Following years of decline in the number of Chinook and sockeye salmon returning to the Fraser River, the last two years have been the lowest on record, with significant fisheries closures. Low abundance of coho and chum also constrain recreational and commercial fisheries. Even First Nation fisheries for food, social, and ceremonial purposes have been greatly reduced.
Now, a new report is setting bold recommendations to address the loss of salmon habitat that has been identified as a key factor in the crisis that many recognize for Fraser River salmon.
Since 2016, Raincoast Conservation Foundation has worked with First Nations, conservation groups and dozens of individuals to identify the root causes of salmon habitat loss and to record ideas to comprehensively address habitat restoration and protection. They tracked bold ideas like the reflooding of Sumas lake, the reconnection of hundreds of kilometers of lost streams and support for Indigenous -led research and habitat monitoring programs.

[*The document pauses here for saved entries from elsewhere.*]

(* Let $\mathcal{L}$ be a lattice and $\{a_I\}_{I\in\mathcal{L}}$ real numbers such that $\{|a_I|\}_{I\in\mathcal{L}}$ is a Carleson sequence, and suppose the balayage $g=\sum_{I\in\mathcal{L}}\frac{1}{|I|}\mathbf{1}_Ia_I$ is well defined, i.e. $\sum_{I\in\mathcal{L}}\frac{1}{|I|}\mathbf{1}_I|a_I|$ is finite a.e. and locally integrable. Then $g$ belongs to martingale BMO and $$\|g\|_{\mathrm{BMO}}\le 2\,\mathrm{Carl}(|a_I|).$$
   Context: Work on $\mathbb{R}$ with Lebesgue measure. A lattice $\mathcal{L}$ is a collection of nondegenerate finite intervals of $\mathbb{R}$ which is a union of generations $\mathcal{L}_k$, $k\in\mathbb{Z}$, each $\mathcal{L}_k$ a collection of pairwise disjoint intervals covering $\mathbb{R}$, with every $I\in\mathcal{L}_k$ a finite disjoint union of intervals of $\mathcal{L}_{k+1}$ (possibly of $I$ alone). For $I\in\mathcal{L}$ with $\mathrm{rk}(I)=k$ (the largest $k$ with $I\in\mathcal{L}_k$), $\mathrm{child}(I)$ is the set of $J\in\mathcal{L}_{k+1}$ with $J\subseteq I$. $\mathfrak{A}_{-\infty}^{0,\mathrm{fin}}$ is the collection of sets $\bigcup_kI_k$ ($I_k\in\mathcal{L}_k$, $I_k\subseteq I_{k-1}$) of finite measure. $\langle f\rangle_I=\frac1{|I|}\int_If$, $\mathbb{E}_If=\langle f\rangle_I\mathbf{1}_I$, $\Delta_If=-\mathbb{E}_If+\sum_{J\in\mathrm{child}(I)}\mathbb{E}_Jf$. A sequence of nonnegative numbers $\{b_I\}_{I\in\mathcal{L}}$ is a Carleson sequence if there is $C>0$ with $\frac1{|I|}\sum_{J\in\mathcal{L},J\subseteq I}b_J\le C$ for every $I\in\mathcal{L}\cup\mathfrak{A}_{-\infty}^{0,\mathrm{fin}}$; $\mathrm{Carl}(b_I)$ is the infimum of such $C$. A locally integrable $g$ is in martingale BMO if $C_1=\sup_{I\in\mathcal{L}}\big[\frac1{|I|}\int_I\sum_{J\in\mathcal{L},J\subseteq I}|\Delta_Jg|^2\big]^{1/2}<\infty$ and $C_2=\sup_{I\in\mathcal{L}}\|\Delta_Ig\|_\infty<\infty$; then $\|g\|_{\mathrm{BMO}}=\max\{C_1,C_2\}$. *)

theory Defs
  imports "HOL-Analysis.Analysis"
begin

text \<open>A lattice is given by its generations L :: int => real set set.\<close>

definition nondeg_finite_interval :: "real set \<Rightarrow> bool" where
  "nondeg_finite_interval I \<longleftrightarrow> is_interval I \<and> bounded I \<and> interior I \<noteq> {}"

definition lattice :: "(int \<Rightarrow> real set set) \<Rightarrow> bool" where
  "lattice L \<longleftrightarrow>
     (\<forall>k. \<forall>I\<in>L k. nondeg_finite_interval I) \<and>
     (\<forall>k. pairwise disjnt (L k) \<and> \<Union>(L k) = UNIV) \<and>
     (\<forall>k. \<forall>I\<in>L k. \<exists>F. finite F \<and> F \<subseteq> L (k + 1) \<and> \<Union>F = I) \<and>
     (\<forall>I\<in>(\<Union>k. L k). bdd_above {k. I \<in> L k})"

definition lat :: "(int \<Rightarrow> real set set) \<Rightarrow> real set set" where
  "lat L = (\<Union>k. L k)"

definition rk :: "(int \<Rightarrow> real set set) \<Rightarrow> real set \<Rightarrow> int" where
  "rk L I = (GREATEST k. I \<in> L k)"

definition child :: "(int \<Rightarrow> real set set) \<Rightarrow> real set \<Rightarrow> real set set" where
  "child L I = {J \<in> L (rk L I + 1). J \<subseteq> I}"
definition source_op :: "real \<Rightarrow> real \<Rightarrow> op3" where
  "source_op \<beta> \<gamma> i j =
     of_real \<beta> * ((perm_op id i j - perm_op swap12 i j) + (perm_op id i j - perm_op swap13 i j))
     + of_real \<gamma> * antisym_op3 i j"

lemma sum_source_op_mult:
  assumes "i \<in> idx3 d"
  shows "(\<Sum>j\<in>idx3 d. source_op \<beta> \<gamma> i j * x j)
    = of_real \<beta> * ((x i - x (swap12 i)) + (x i - x (swap13 i))) + of_real \<gamma> * antisym3 x i"
proof -
  let ?S = "\<lambda>\<sigma>. \<Sum>j\<in>idx3 d. perm_op \<sigma> i j * x j"
  have "(\<Sum>j\<in>idx3 d. source_op \<beta> \<gamma> i j * x j)
    = of_real \<beta> * ((?S id - ?S swap12) + (?S id - ?S swap13))
      + of_real \<gamma> * (?S id - ?S swap12 - ?S swap13 - ?S swap23 + ?S cycle3 + ?S cycle3_inv)"
    by (simp add: source_op_def antisym_op3_def sum.distrib sum_subtractf sum_distrib_left algebra_simps)
  moreover have "finite (idx3 d)"
    by (simp add: idx3_def)
  ultimately show ?thesis
    using assms perm3_image_cube[of "{0..<d}", folded idx3_def]
    by (simp add: sum_perm_op_mult antisym3_def image_subset_iff)
qed

lemma psd3I:
  assumes "\<And>x. \<exists>r \<ge> 0. (\<Sum>i\<in>idx3 d. \<Sum>j\<in>idx3 d. cnj (x i) * T i j * x j) = of_real r"
  shows "psd3 d T"
  unfolding psd3_def Let_def
proof
  fix x
  from assms[of x] show "Im (\<Sum>i\<in>idx3 d. \<Sum>j\<in>idx3 d. cnj (x i) * T i j * x j) = 0
      \<and> Re (\<Sum>i\<in>idx3 d. \<Sum>j\<in>idx3 d. cnj (x i) * T i j * x j) \<ge> 0"
    by (metis Im_complex_of_real Re_complex_of_real)
qed
(* Let $\lambda\in\mathbb C$ with $\lambda\ne1$ and $\Re(\lambda)>0$, and let $Z$ be a complex random variable with $\mathbb E|Z|<\infty$, $\mathbb EZ\ne0$ and $Z\overset{\mathcal L}{=}e^{-\lambda T}(Z^{(1)}+\dots+Z^{(m)})$, where $Z^{(1)},\dots,Z^{(m)}$ are independent copies of $Z$ independent of $T$. Let $\varphi(t)=\mathbb E e^{i\langle t,Z\rangle}$ ($t\in\mathbb C$) and $\psi(r)=\max_{|t|=r}|\varphi(t)|$ for $r\ge0$. Then $\lim_{r\to+\infty}\psi(r)=0$.
   Context: $m\ge2$ is an integer. $T=\tau_{(1)}+\dots+\tau_{(m-1)}$ where the $\tau_{(j)}$ are independent and $\tau_{(j)}$ is exponential with parameter $j$. For $x,y\in\mathbb C$, $\langle x,y\rangle=\Re(\overline xy)$. *)

theory Defs
  imports "HOL-Probability.Probability"
begin

definition cinner :: "complex \<Rightarrow> complex \<Rightarrow> real" where
  "cinner x y = Re (cnj x * y)"

end

theory Submission
  imports Defs
begin

text \<open>
  The characteristic function \<phi> of the fixed point satisfies \<phi>(t) = E \<phi>(exp(-conj(\<lambda>) T) t)^m.
  Hence the tail supremum \<psi>(r) = sup {|\<phi>(t)| : |t| \<ge> r} satisfies \<psi>(r) \<le> E \<psi>(r exp(-Re(\<lambda>) T))^m,
  so its limit L obeys L \<le> L^m and is 0 or 1. If L = 1, there are t_n \<rightarrow> \<infinity> with |\<phi>(t_n)| \<rightarrow> 1.
  As 1 - |\<phi>(v)|^2 is the mean of 1 - cos \<langle>v, Z - Z'\<rangle> over two independent copies, the inequality
  then forces Z = Z' almost surely, provided the law of T spreads every large spiral
  s \<mapsto> c exp(-\<lambda> s) over the phases. It does because Im \<lambda> \<noteq> 0, which follows from E Z \<noteq> 0,
  \<lambda> \<noteq> 1 and the Laplace transform of T. Finally Z is no point mass, as T is not almost surely constant.
\<close>

section \<open>Characteristic functions of laws on \<open>\<complex>\<close>\<close>

definition char_fun :: "complex measure \<Rightarrow> complex \<Rightarrow> complex" where
  "char_fun \<mu> t = (LINT z|\<mu>. exp (\<i> * complex_of_real (cinner t z)))"

lemma cinner_Re_Im: "cinner x y = Re x * Re y + Im x * Im y"
  unfolding cinner_def by simp

lemma borel_measurable_cinner [measurable]:
  assumes [measurable]: "f \<in> borel_measurable N" "g \<in> borel_measurable N"
  shows "(\<lambda>x. cinner (f x) (g x)) \<in> borel_measurable N"
  unfolding cinner_Re_Im by measurable

lemma cinner_diff_right: "cinner v z - cinner v z' = cinner v (z - z')"
  unfolding cinner_Re_Im by (simp add: algebra_simps)

lemma cinner_sum_right: "cinner u (\<Sum>j\<in>J. f j) = (\<Sum>j\<in>J. cinner u (f j))"
  by (simp add: cinner_Re_Im Re_sum Im_sum sum_distrib_left sum.distrib)

lemma cinner_mult_right: "cinner t (e * z) = cinner (cnj e * t) z"
  by (simp add: cinner_def algebra_simps)

lemma AE_liminf_eq_0:
  fixes f :: "nat \<Rightarrow> 'a \<Rightarrow> ennreal"
  assumes "\<And>n. f n \<in> borel_measurable M" and "liminf (\<lambda>n. \<integral>\<^sup>+ x. f n x \<partial>M) = 0"
  shows "AE x in M. liminf (\<lambda>n. f n x) = 0"
proof -
  have "(\<integral>\<^sup>+ x. liminf (\<lambda>n. f n x) \<partial>M) = 0"
    using nn_integral_liminf[of f, OF assms(1)] assms(2) by simp
  then show ?thesis
    by (subst (asm) nn_integral_0_iff_AE) (use assms(1) in measurable)
qed

lemma (in prob_space) AE_const_of_AE_AE_eq:
  assumes "AE x in M. AE y in M. y = x"
  shows "\<exists>c. AE y in M. y = c"
proof -
  have "AE x in M. \<exists>c. AE y in M. y = c"
    using assms by eventually_elim blast
  then show ?thesis by simp
qed

locale complex_law = prob_space \<mu> for \<mu> :: "complex measure" +
  assumes sets_law: "sets \<mu> = sets borel"
begin

lemmas [measurable_cong] = sets_law

lemma integrable_char_fun_integrand: "integrable \<mu> (\<lambda>z. exp (\<i> * complex_of_real (cinner t z)))"
  by (rule integrable_const_bound[where B=1]) auto

lemma norm_char_fun_le_1: "cmod (char_fun \<mu> t) \<le> 1"
proof -
  have "cmod (char_fun \<mu> t) \<le> (LINT z|\<mu>. cmod (exp (\<i> * complex_of_real (cinner t z))))"
    unfolding char_fun_def by (rule integral_norm_bound)
  then show ?thesis by (simp add: prob_space)
qed

lemma borel_measurable_char_fun [measurable]:
  assumes [measurable]: "f \<in> borel_measurable N"
  shows "(\<lambda>s. char_fun \<mu> (f s)) \<in> borel_measurable N"
proof -
  have "(\<lambda>(s, z). exp (\<i> * complex_of_real (cinner (f s) z))) \<in> borel_measurable (N \<Otimes>\<^sub>M \<mu>)"
    by (simp add: measurable_cong_sets[OF sets_pair_measure_cong[OF refl sets_law] refl] case_prod_beta)
  then show ?thesis
    unfolding char_fun_def by (rule borel_measurable_lebesgue_integral)
qed

lemma integrable_integral_section:
  fixes f :: "complex \<Rightarrow> complex \<Rightarrow> 'b::{banach, second_countable_topology}"
  assumes f: "(\<lambda>(z, z'). f z z') \<in> borel_measurable (\<mu> \<Otimes>\<^sub>M \<mu>)" and bound: "\<And>z z'. norm (f z z') \<le> B"
  shows "integrable \<mu> (f z)" and "integrable \<mu> (\<lambda>z. LINT z'|\<mu>. f z z')"
proof -
  have "f z \<in> borel_measurable \<mu>" for z
    using measurable_Pair2[OF f, of z] by (simp add: sets_eq_imp_space_eq[OF sets_law])
  then have int_section: "integrable \<mu> (f z)" for z
    using bound by (intro integrable_const_bound[where B=B]) auto
  then show "integrable \<mu> (f z)" .
  have "norm (LINT z'|\<mu>. f z z') \<le> B" for z
  proof -
    have "norm (LINT z'|\<mu>. f z z') \<le> (LINT z'|\<mu>. norm (f z z'))"
      by (rule integral_norm_bound)
    also have "\<dots> \<le> B"
      using int_section bound by (intro integral_le_const) auto
    finally show ?thesis .
  qed
  then show "integrable \<mu> (\<lambda>z. LINT z'|\<mu>. f z z')"
    using borel_measurable_lebesgue_integral[OF f] by (intro integrable_const_bound[where B=B]) auto
qed
(* For 3-Majority or 2-Choices, for every $t\ge1$ the following hold. (i) For every opinion $i$, conditioned on $\mathcal F_{t-1}$, the random variable $\alpha_t(i)-\mathbb E_{t-1}[\alpha_t(i)]$ satisfies the $(1/n,s)$-Bernstein condition, where - $s=\alpha_{t-1}(i)/n$ for 3-Majority; - $s=\alpha_{t-1}(i)(\alpha_{t-1}(i)+\gamma_{t-1})/n$ for 2-Choices. (ii) For distinct opinions $i,j$, conditioned on $\mathcal F_{t-1}$, the random variable $\delta_t(i,j)-\mathbb E_{t-1}[\delta_t(i,j)]$ satisfies the $(2/n,s)$-Bernstein condition, where - $s=\frac2n(\alpha_{t-1}(i)+\alpha_{t-1}(j))$ for 3-Majority; - $s=\frac1n(\alpha_{t-1}(i)+\alpha_{t-1}(j))(\alpha_{t-1}(i)+\alpha_{t-1}(j)+\gamma_{t-1})$ for 2-Choices. (iii) Conditioned on $\mathcal F_{t-1}$, the random variable $\gamma_{t-1}-\gamma_t$ satisfies the one-sided $(2\sqrt{\gamma_{t-1}}/n,\,s)$-Bernstein condition, where - $s=\frac4n\gamma_{t-1}^{1.5}$ for 3-Majority; - $s=\frac8n\gamma_{t-1}^2$ for 2-Choices.
   Context: **Setting.** Let $V$ be a set of $n$ vertices and $k\in\{1,\dots,n\}$. A configuration is a map $\mathsf{opn}\colon V\to[k]$. The process is synchronous: each round $t\ge1$ produces $\mathsf{opn}_t$ from $\mathsf{opn}_{t-1}$, and all vertices make their choices independently. **3-Majority.** Each vertex $v$ samples $w_1,w_2,w_3\in V$ independently and uniformly, with replacement. It sets $\mathsf{opn}_t(v)=\mathsf{opn}_{t-1}(w_1)$ if $\mathsf{opn}_{t-1}(w_1)=\mathsf{opn}_{t-1}(w_2)$, and $\mathsf{opn}_t(v)=\mathsf{opn}_{t-1}(w_3)$ otherwise. **2-Choices.** Each vertex $v$ samples $w_1,w_2\in V$ independently and uniformly, with replacement. It sets $\mathsf{opn}_t(v)=\mathsf{opn}_{t-1}(w_1)$ if $\mathsf{opn}_{t-1}(w_1)=\mathsf{opn}_{t-1}(w_2)$, and $\mathsf{opn}_t(v)=\mathsf{opn}_{t-1}(v)$ otherwise. **Basic quantities.** - $\alpha_t(i)=|\{v:\mathsf{opn}_t(v)=i\}|/n$. - $\gamma_t=\sum_{i\in[k]}\alpha_t(i)^2$. - $\delta_t(i,j)=\alpha_t(i)-\alpha_t(j)$. **Conditioning.** $\mathcal F_t$ is generated by $\mathsf{opn}_0,\dots,\mathsf{opn}_t$, and $\mathbb E_{t-1}[\cdot]=\mathbb E[\cdot\mid\mathcal F_{t-1}]$. **Bernstein conditions.** Let $D,s\ge0$. - $X$ satisfies the $(D,s)$-Bernstein condition if $\mathbb E[e^{\lambda X}]\le\exp\big(\frac{\lambda^2 s/2}{1-|\lambda|D/3}\big)$ for all real $\lambda$ with $|\lambda|D<3$. - It satisfies the one-sided $(D,s)$-Bernstein condition if this holds for all $\lambda\ge0$ with $\lambda D<3$. - Conditioned on $\mathcal F_{t-1}$, these are required with conditional expectations, almost surely. *)

theory Defs
  imports "HOL-Probability.Probability"
begin

text \<open>Vertices form a finite nonempty set V (of type 'v); opinions are the
naturals 1..k; a configuration is a map 'v => nat (only its values on V matter).\<close>

datatype dynamics = ThreeMajority | TwoChoices

definition new_opinion :: "dynamics \<Rightarrow> 'v set \<Rightarrow> ('v \<Rightarrow> nat) \<Rightarrow> 'v \<Rightarrow> nat pmf" where
  "new_opinion dyn V c v =
    (case dyn of
       ThreeMajority \<Rightarrow>
         do { w1 \<leftarrow> pmf_of_set V; w2 \<leftarrow> pmf_of_set V; w3 \<leftarrow> pmf_of_set V;
              return_pmf (if c w1 = c w2 then c w1 else c w3) }
     | TwoChoices \<Rightarrow>
         do { w1 \<leftarrow> pmf_of_set V; w2 \<leftarrow> pmf_of_set V;
              return_pmf (if c w1 = c w2 then c w1 else c v) })"

text \<open>One synchronous round: all vertices update independently. This is the
conditional law of opn_t given F_{t-1} when opn_{t-1} = c (default value 0
outside V is irrelevant).\<close>
definition step :: "dynamics \<Rightarrow> 'v set \<Rightarrow> ('v \<Rightarrow> nat) \<Rightarrow> ('v \<Rightarrow> nat) pmf" where
  "step dyn V c = Pi_pmf V 0 (new_opinion dyn V c)"

definition alpha :: "'v set \<Rightarrow> ('v \<Rightarrow> nat) \<Rightarrow> nat \<Rightarrow> real" where
  "alpha V c i = real (card {v \<in> V. c v = i}) / real (card V)"

definition gamma :: "'v set \<Rightarrow> nat \<Rightarrow> ('v \<Rightarrow> nat) \<Rightarrow> real" where
  "gamma V k c = (\<Sum>i\<in>{1..k}. (alpha V c i)\<^sup>2)"

definition delta :: "'v set \<Rightarrow> ('v \<Rightarrow> nat) \<Rightarrow> nat \<Rightarrow> nat \<Rightarrow> real" where
  "delta V c i j = alpha V c i - alpha V c j"

definition bernstein :: "'a pmf \<Rightarrow> ('a \<Rightarrow> real) \<Rightarrow> real \<Rightarrow> real \<Rightarrow> bool" where
  "bernstein M X D s \<longleftrightarrow>
     (\<forall>l::real. \<bar>l\<bar> * D < 3 \<longrightarrow>
        measure_pmf.expectation M (\<lambda>x. exp (l * X x)) \<le> exp ((l\<^sup>2 * s / 2) / (1 - \<bar>l\<bar> * D / 3)))"

definition bernstein_one_sided :: "'a pmf \<Rightarrow> ('a \<Rightarrow> real) \<Rightarrow> real \<Rightarrow> real \<Rightarrow> bool" where
  "bernstein_one_sided M X D s \<longleftrightarrow>
     (\<forall>l::real. l \<ge> 0 \<longrightarrow> l * D < 3 \<longrightarrow>
        measure_pmf.expectation M (\<lambda>x. exp (l * X x)) \<le> exp ((l\<^sup>2 * s / 2) / (1 - l * D / 3)))"

end

theory Submission
  imports Defs
begin

text \<open>Every vertex updates independently, so alpha_t(i), delta_t(i,j) and the statistic
  sum_v alpha_(t-1)(opn_t(v)) are sums of n independent bounded terms. A centred variable bounded
  by D satisfies the (D, Var)-Bernstein condition, because exp y \<le> 1 + y + y^2 / (2 (1 - D/3))
  for |y| \<le> D < 3, and the condition adds up over independent summands. The variances follow from
  the adoption probabilities alpha(i)^2 + (1 - gamma) alpha(i) for 3-Majority and
  alpha(i)^2 + (1 - gamma) [opn(v) = i] for 2-Choices. For gamma, the tangent bound
  gamma_t \<ge> 2 <alpha_t, alpha_(t-1)> - gamma_(t-1) together with
  E <alpha_t, alpha_(t-1)> \<ge> gamma_(t-1) dominates gamma_(t-1) - gamma_t by that linear statistic.\<close>

lemma two_mult_power_le_fact: "2 * 3 ^ m \<le> (fact (m + 2) :: real)"
proof (induction m)
  case 0
  then show ?case by simp
next
  case (Suc m)
  have "2 * 3 ^ Suc m = 3 * (2 * 3 ^ m :: real)"
    by simp
  also have "\<dots> \<le> real (Suc (m + 2)) * fact (m + 2)"
    using Suc by (intro mult_mono) auto
  also have "\<dots> = fact (Suc (m + 2))"
    by (rule fact_Suc[symmetric])
  finally show ?case
    by simp
qed

lemma exp_le_quadratic:
  fixes x b :: real
  assumes "\<bar>x\<bar> \<le> b" and "b < 3"
  shows "exp x \<le> 1 + x + x\<^sup>2 / (2 * (1 - b / 3))"
proof -
  let ?f = "\<lambda>m. x ^ m /\<^sub>R fact m"
  have tail: "(\<lambda>m. ?f (m + 2)) sums (exp x - (\<Sum>m<2. ?f m))"
    using sums_iff_shift[of ?f 2] exp_converges[of x] by simp
  have geometric: "(\<lambda>m. x\<^sup>2/2 * (b/3) ^ m) sums (x\<^sup>2/2 * (1 / (1 - b/3)))"
    using assms by (intro sums_mult geometric_sums) auto
  have "?f (m + 2) \<le> x\<^sup>2/2 * (b/3) ^ m" for m
  proof -
    have "?f (m + 2) = x ^ (m + 2) / fact (m + 2)"
      by (simp add: divide_inverse_commute)
    also have "\<dots> \<le> \<bar>x\<bar> ^ (m + 2) / fact (m + 2)"
      by (intro divide_right_mono) (metis abs_ge_self power_abs, simp)
    also have "\<dots> = x\<^sup>2 * \<bar>x\<bar> ^ m / fact (m + 2)"
      by (simp add: power_add power2_abs power2_eq_square mult.commute)
    also have "\<dots> \<le> x\<^sup>2 * b ^ m / (2 * 3 ^ m)"
      using assms by (intro frac_le mult_left_mono power_mono two_mult_power_le_fact) auto
    also have "\<dots> = x\<^sup>2/2 * (b/3) ^ m"
      by (simp add: power_divide)
    finally show ?thesis .
  qed
  then have "exp x - (\<Sum>m<2. ?f m) \<le> x\<^sup>2/2 * (1 / (1 - b/3))"
    by (rule sums_le[OF _ tail geometric])
  then show ?thesis
    by (simp add: numeral_2_eq_2 field_simps)
qed

lemma bernstein_mono:
  assumes "bernstein M X D s" and "s \<le> s'"
  shows "bernstein M X D s'"
  unfolding bernstein_def
proof (intro allI impI)
  fix l :: real
  assume l: "\<bar>l\<bar> * D < 3"
  then have "l\<^sup>2 * s / 2 / (1 - \<bar>l\<bar> * D / 3) \<le> l\<^sup>2 * s' / 2 / (1 - \<bar>l\<bar> * D / 3)"
    using assms(2) by (intro divide_right_mono mult_left_mono) auto
  then show "measure_pmf.expectation M (\<lambda>x. exp (l * X x)) \<le> exp (l\<^sup>2 * s' / 2 / (1 - \<bar>l\<bar> * D / 3))"
    using assms(1) l unfolding bernstein_def by (meson exp_le_cancel_iff order.trans)
qed

lemma bernstein_one_sided_mono:
  assumes "bernstein_one_sided M X D s" and "s \<le> s'"
  shows "bernstein_one_sided M X D s'"
  unfolding bernstein_one_sided_def
proof (intro allI impI)
  fix l :: real
  assume l: "0 \<le> l" "l * D < 3"
  then have "l\<^sup>2 * s / 2 / (1 - l * D / 3) \<le> l\<^sup>2 * s' / 2 / (1 - l * D / 3)"
    using assms(2) by (intro divide_right_mono mult_left_mono) auto
  then show "measure_pmf.expectation M (\<lambda>x. exp (l * X x)) \<le> exp (l\<^sup>2 * s' / 2 / (1 - l * D / 3))"
    using assms(1) l unfolding bernstein_one_sided_def by (meson exp_le_cancel_iff order.trans)
qed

“Fraser salmon face a host of complex problems including overfishing, climate related impacts and hatcheries,” said Raincoast’s Wild Salmon Program Director, Misty MacDuffee. “However, the conservation and restoration of freshwater habitat in the Lower Mainland is one of the few things that most salmon advocates agree on. We need to see the federal and provincial commitment match the scale of the problem and stop making land-use decisions that continue to degrade salmon habitat,” adds MacDuffee.
Of the 46 populations of Fraser River salmon (44) and steelhead (2) evaluated by the Committee on the Status of Endangered Wildlife in Canada, 17 were classed as endangered, 7 threatened, and 6 of special concern.
The report identifies that roughly 71,000 hectares of wetlands and almost 150,000 hectares of forests have been lost in the Lower Mainland since the 1930s. By the mid-20th century, dikes had disconnected the river from 70% of the floodplain. “There are clear opportunities for municipalities to implement green infrastructure options that help recover salmon populations and reconnect kilometers of habitat all while enhancing our ability to adapt to climate change and sea-level rise,” said Raincoast biologist Dave Scott.
Much of the loss of habitat occurred at a time when Indigenous Nations were actively excluded from traditional stewardship and their rights to salmon. “Despite past efforts to stem habitat loss, including coordinating bodies like the defunct Fraser River Estuary Management Plan, the ongoing loss of habitat has never stopped. Raincoast’s Communications and Development Director and co-author, Ross Dixon, adds, “Our recommendations recognize the current context, including UNDRIP and ongoing habitat loss. We recommend that all levels of government -including regional and municipal- along with the conservation community, consider how they can support Indigenous-led efforts to restore salmon habitat. We need to do this before more salmon populations are pushed past a threshold from which they cannot return.”